I insist, we have 0.6.1 and 0.7.0 alpha that is compatible with 0.6.1 model, and 0.6.1 on ARM64 uses the TensorFlow runtime when the 0.7.0 alpha uses the TFLite runtime. There is no need to use any third-party that we don’t know what they did.
There’s no magic, it’s all visible in the git tree: it’s using the libdeepspeech.so. I don’t get the second part of your question.
What I see, though, is that you mix stuff, and install at several places magic libraries. In this context, it’s really messy to know for sure what you are running.
Make an effort ? I linked it to you. The Python wheel packages the library, there’s no need for magic stuff.
lissyx
((slow to reply) [NOT PROVIDING SUPPORT])
14
Oh I didn’t know that, I thought .so and whl files are totally independent.
As in the build instruction the .so file and whl files are built and installed separately.

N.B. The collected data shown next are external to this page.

lemma gram_left_inverse_diagonalizes:
  fixes S TH R D T \<Lambda> :: "'a :: semiring_1 mat"
  assumes S: "S \<in> carrier_mat n n" and TH: "TH \<in> carrier_mat n n" and R: "R \<in> carrier_mat n n"
    and D: "D \<in> carrier_mat n n" and T: "T \<in> carrier_mat n n" and \<Lambda>: "\<Lambda> \<in> carrier_mat n n"
    and gram: "TH * R * T = S" and SS: "S * S = 1\<^sub>m n" and DT: "D * T = T * \<Lambda>"
  shows "S * TH * R * D * T = \<Lambda>"
proof -
  have "S * TH * R * D * T = (S * TH * R) * (T * \<Lambda>)"
    unfolding DT[symmetric] using S TH R D T by (simp add: assoc_mult_mat[of _ n n _ n _ n])
  also have "\<dots> = (S * (TH * R * T)) * \<Lambda>"
    using S TH R T \<Lambda> by (simp add: assoc_mult_mat[of _ n n _ n _ n])
  finally show ?thesis unfolding gram SS using \<Lambda> by simp
qed

definition swap_half :: "nat \<Rightarrow> nat \<Rightarrow> nat" where
  "swap_half N i = (if i < N then i + N else i - N)"

lemma swap_half_less: "i < 2*N \<Longrightarrow> swap_half N i < 2*N"
  unfolding swap_half_def by auto

lemma swap_half_swap_half [simp]: "i < 2*N \<Longrightarrow> swap_half N (swap_half N i) = i"
  unfolding swap_half_def by auto

lemma swap_half_eq_iff: "i < 2*N \<Longrightarrow> j < 2*N \<Longrightarrow> j = swap_half N i \<longleftrightarrow> i = swap_half N j"
  unfolding swap_half_def by auto

lemma bij_betw_swap_half: "bij_betw (swap_half N) {0..<2*N} {0..<2*N}"
  by (rule bij_betw_byWitness[where f'="swap_half N"]) (auto simp: swap_half_less)

lemma Gamma_mat_carrier [simp]: "Gamma_mat N \<in> carrier_mat (2*N) (2*N)"
  unfolding Gamma_mat_def by (auto simp: mult_2)

lemma dim_Gamma_mat [simp]: "dim_row (Gamma_mat N) = 2*N" "dim_col (Gamma_mat N) = 2*N"
  using Gamma_mat_carrier by blast+

lemma index_Gamma_mat:
  "i < 2*N \<Longrightarrow> j < 2*N \<Longrightarrow> Gamma_mat N $$ (i, j) = (if j = swap_half N i then 1 else 0)"
  unfolding Gamma_mat_def swap_half_def by auto

lemma conj_mat_Gamma_mat [simp]: "conj_mat (Gamma_mat N) = Gamma_mat N"
  by (rule eq_matI) (auto simp: index_Gamma_mat)

lemma index_Gamma_mult_mat_vec:
  assumes "x \<in> carrier_vec (2*N)" "i < 2*N"
  shows "(Gamma_mat N *\<^sub>v x) $ i = x $ swap_half N i"
proof -
  have "(Gamma_mat N *\<^sub>v x) $ i = (\<Sum>j\<in>{0..<2*N}. (if j = swap_half N i then 1 else 0) * x $ j)"
    using assms by (auto simp: scalar_prod_def index_Gamma_mat intro!: sum.cong)
  also have "\<dots> = x $ swap_half N i"
    using assms(2) swap_half_less by (simp add: if_distrib[of "\<lambda>a. a * _"] cong: if_cong)
  finally show ?thesis .
qed

lemma index_Gamma_mult_mat:
  assumes "A \<in> carrier_mat (2*N) nc" "i < 2*N" "j < nc"
  shows "(Gamma_mat N * A) $$ (i, j) = A $$ (swap_half N i, j)"
  using assms index_Gamma_mult_mat_vec[of "col A j" N i] swap_half_less[OF assms(2)] by simp

lemma index_mult_Gamma_mat:
  assumes "A \<in> carrier_mat nr (2*N)" "i < nr" "j < 2*N"
  shows "(A * Gamma_mat N) $$ (i, j) = A $$ (i, swap_half N j)"
proof -
  have "(A * Gamma_mat N) $$ (i, j) = (\<Sum>k\<in>{0..<2*N}. A $$ (i, k) * (if k = swap_half N j then 1 else 0))"
    using assms by (auto simp: scalar_prod_def index_Gamma_mat swap_half_eq_iff intro!: sum.cong)
  also have "\<dots> = A $$ (i, swap_half N j)"
    using assms(3) swap_half_less by (simp add: if_distrib[of "\<lambda>a. _ * a"] cong: if_cong)
  finally show ?thesis .
qed

lemma Gamma_mult_mat_vec_carrier [simp]:
  "x \<in> carrier_vec (2*N) \<Longrightarrow> Gamma_mat N *\<^sub>v x \<in> carrier_vec (2*N)"
  by (rule mult_mat_vec_carrier) auto

lemma scalar_prod_Gamma_mult_mat_vec:
  assumes x: "x \<in> carrier_vec (2*N)" and y: "y \<in> carrier_vec (2*N)"
  shows "(Gamma_mat N *\<^sub>v x) \<bullet> (Gamma_mat N *\<^sub>v y) = x \<bullet> y"
proof -
  have "(Gamma_mat N *\<^sub>v x) \<bullet> (Gamma_mat N *\<^sub>v y)
      = (\<Sum>i\<in>{0..<2*N}. x $ swap_half N i * y $ swap_half N i)"
    unfolding scalar_prod_def[of "Gamma_mat N *\<^sub>v x"] using x y
    by (auto simp: index_Gamma_mult_mat_vec simp del: index_mult_mat_vec intro!: sum.cong)
  also have "\<dots> = (\<Sum>i\<in>{0..<2*N}. x $ i * y $ i)"
    using sum.reindex_bij_betw[OF bij_betw_swap_half[of N], of "\<lambda>i. x $ i * y $ i"] by simp
  also have "\<dots> = x \<bullet> y" using y by (simp add: scalar_prod_def)
  finally show ?thesis .
qed

lemma Gamma_mult_Gamma_mult_mat_vec:
  assumes "x \<in> carrier_vec (2*N)"
  shows "Gamma_mat N *\<^sub>v (Gamma_mat N *\<^sub>v x) = x"
  by (rule eq_vecI)
    (use assms in \<open>simp_all add: index_Gamma_mult_mat_vec swap_half_less del: index_mult_mat_vec\<close>)

lemma R_inner_Gamma_mult_conj_vec:
  assumes R: "R \<in> carrier_mat (2*N) (2*N)" and RG: "R * Gamma_mat N = - (Gamma_mat N * conj_mat R)"
    and x: "x \<in> carrier_vec (2*N)" and y: "y \<in> carrier_vec (2*N)"
  shows "R_inner R (Gamma_mat N *\<^sub>v conj_vec x) (Gamma_mat N *\<^sub>v conj_vec y)
    = - cnj (R_inner R x y)"
proof -
  let ?G = "Gamma_mat N"
  have cy: "conjugate y \<in> carrier_vec (2*N)" using y by simp
  have conj_Gx: "conjugate (?G *\<^sub>v conjugate x) = ?G *\<^sub>v x"
    using conjugate_mult_mat_vec[OF Gamma_mat_carrier, of "conjugate x" N] x by simp
  have "R *\<^sub>v (?G *\<^sub>v conjugate y) = (R * ?G) *\<^sub>v conjugate y"
    using assoc_mult_mat_vec[OF R Gamma_mat_carrier cy] ..
  also have "\<dots> = - (?G *\<^sub>v (conj_mat R *\<^sub>v conjugate y))"
    unfolding RG
    using assoc_mult_mat_vec[OF Gamma_mat_carrier conj_mat_carrier_mat[OF R] cy]
      carrier_matD[OF R] carrier_vecD[OF y]
    by simp
  also have "\<dots> = - (?G *\<^sub>v conjugate (R *\<^sub>v y))"
    using conjugate_mult_mat_vec[OF R y] by simp
  finally have RGy: "R *\<^sub>v (?G *\<^sub>v conjugate y) = - (?G *\<^sub>v conjugate (R *\<^sub>v y))" .
  have "R_inner R (?G *\<^sub>v conj_vec x) (?G *\<^sub>v conj_vec y)
      = (?G *\<^sub>v x) \<bullet> - (?G *\<^sub>v conjugate (R *\<^sub>v y))"
    unfolding R_inner_conjugate conj_vec_conjugate conj_Gx RGy ..
  also have "\<dots> = - (x \<bullet> conjugate (R *\<^sub>v y))"
    using scalar_prod_Gamma_mult_mat_vec[OF x carrier_vec_conjugate[OF mult_mat_vec_carrier[OF R y]]] R
    by simp
  also have "x \<bullet> conjugate (R *\<^sub>v y) = cnj (conjugate x \<bullet> (R *\<^sub>v y))"
    using conjugate_sprod_vec[OF carrier_vec_conjugate[OF x] mult_mat_vec_carrier[OF R y]] by simp
  finally show ?thesis unfolding R_inner_conjugate .
qed

lemma eigenvector_Gamma_mult_conj_vec:
  assumes R: "R \<in> carrier_mat (2*N) (2*N)" and D: "D \<in> carrier_mat (2*N) (2*N)"
    and R_inv: "invertible_mat R"
    and RG: "R * Gamma_mat N = - (Gamma_mat N * conj_mat R)"
    and RDG: "(R * D) * Gamma_mat N = Gamma_mat N * conj_mat (R * D)"
    and x: "x \<in> carrier_vec (2*N)" and Dx: "D *\<^sub>v x = l \<cdot>\<^sub>v x"
  shows "D *\<^sub>v (Gamma_mat N *\<^sub>v conj_vec x) = (- cnj l) \<cdot>\<^sub>v (Gamma_mat N *\<^sub>v conj_vec x)"
proof (rule invertible_mat_mult_vec_cancel[OF R_inv R])
  let ?G = "Gamma_mat N" and ?u = "Gamma_mat N *\<^sub>v conj_vec x"
  have RD: "R * D \<in> carrier_mat (2*N) (2*N)" using R D by simp
  have cx: "conjugate x \<in> carrier_vec (2*N)" using x by simp
  have "R *\<^sub>v (D *\<^sub>v ?u) = ((R * D) * ?G) *\<^sub>v conjugate x"
    using assoc_mult_mat_vec[OF R D, of ?u] assoc_mult_mat_vec[OF RD Gamma_mat_carrier cx] x
    by (simp add: conj_vec_conjugate)
  also have "\<dots> = ?G *\<^sub>v conjugate ((R * D) *\<^sub>v x)"
    unfolding RDG conjugate_mult_mat_vec[OF RD x]
    using assoc_mult_mat_vec[OF Gamma_mat_carrier conj_mat_carrier_mat[OF RD] cx] .
  also have "(R * D) *\<^sub>v x = l \<cdot>\<^sub>v (R *\<^sub>v x)"
    using assoc_mult_mat_vec[OF R D x] mult_mat_vec[OF R x] Dx by simp
  also have "?G *\<^sub>v conjugate (l \<cdot>\<^sub>v (R *\<^sub>v x)) = cnj l \<cdot>\<^sub>v ((?G * conj_mat R) *\<^sub>v conjugate x)"
    using assoc_mult_mat_vec[OF Gamma_mat_carrier conj_mat_carrier_mat[OF R] cx] cx
      mult_mat_vec[OF Gamma_mat_carrier mult_mat_vec_carrier[OF conj_mat_carrier_mat[OF R] cx]]
    by (simp add: conjugate_smult_vec conjugate_mult_mat_vec[OF R x]
        mult_mat_vec[OF conj_mat_carrier_mat[OF R] cx])
  also have "\<dots> = R *\<^sub>v ((- cnj l) \<cdot>\<^sub>v ?u)"
  proof -
    have "?G * conj_mat R = - (R * ?G)" unfolding RG by simp
    then show ?thesis
      using assoc_mult_mat_vec[OF R Gamma_mat_carrier cx] carrier_matD[OF R] carrier_vecD[OF x]
        mult_mat_vec[OF R mult_mat_vec_carrier[OF Gamma_mat_carrier cx]]
      by (simp add: conj_vec_conjugate) (rule eq_vecI; simp)
  qed
  finally show "R *\<^sub>v (D *\<^sub>v ?u) = R *\<^sub>v ((- cnj l) \<cdot>\<^sub>v ?u)" .
qed (use D x in \<open>auto simp: conj_vec_conjugate\<close>)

And I thought by merely doing pip3 install .whl would not be enough to run the vad sample.(I thought I also need to find/build a .so file for 0.7.0 and include it into the run path.
Sorry I don’t understand this part, I get the python runtime in the same__? Does this mean because both the 0.6.1 and 0.7.0 DeepSpeech are in python runtime thus the comparison result will be biased, even if they are to be run in two different docker container?
lissyx
((slow to reply) [NOT PROVIDING SUPPORT])
16
This is floss, you can just verify instead of thinking. I know it might non trivial sometimes, but I’m always sad to see that people don’t check when they have everything they can, and keep a wrong idea in mind.
Yes, because they involves different tooling and constraints.
And yet we document everything. What is unclear please, so we can improve ?
If you valgrind --tool=massif on the Python inference code, you will also measure the python memory footprint. Which might give you different values in term of usage wrt libdeepspeech.so itself.
It should be the same biais between both Python runtimes, but since it’s an interpreted language it’s much harder to be certain. And more critically, it will be biaised against what you highlighted in the hacks.mozilla.org blog post.
I assume you want to see / measure the improvement we did, so it’s only fair and meaningful if you compare as we did.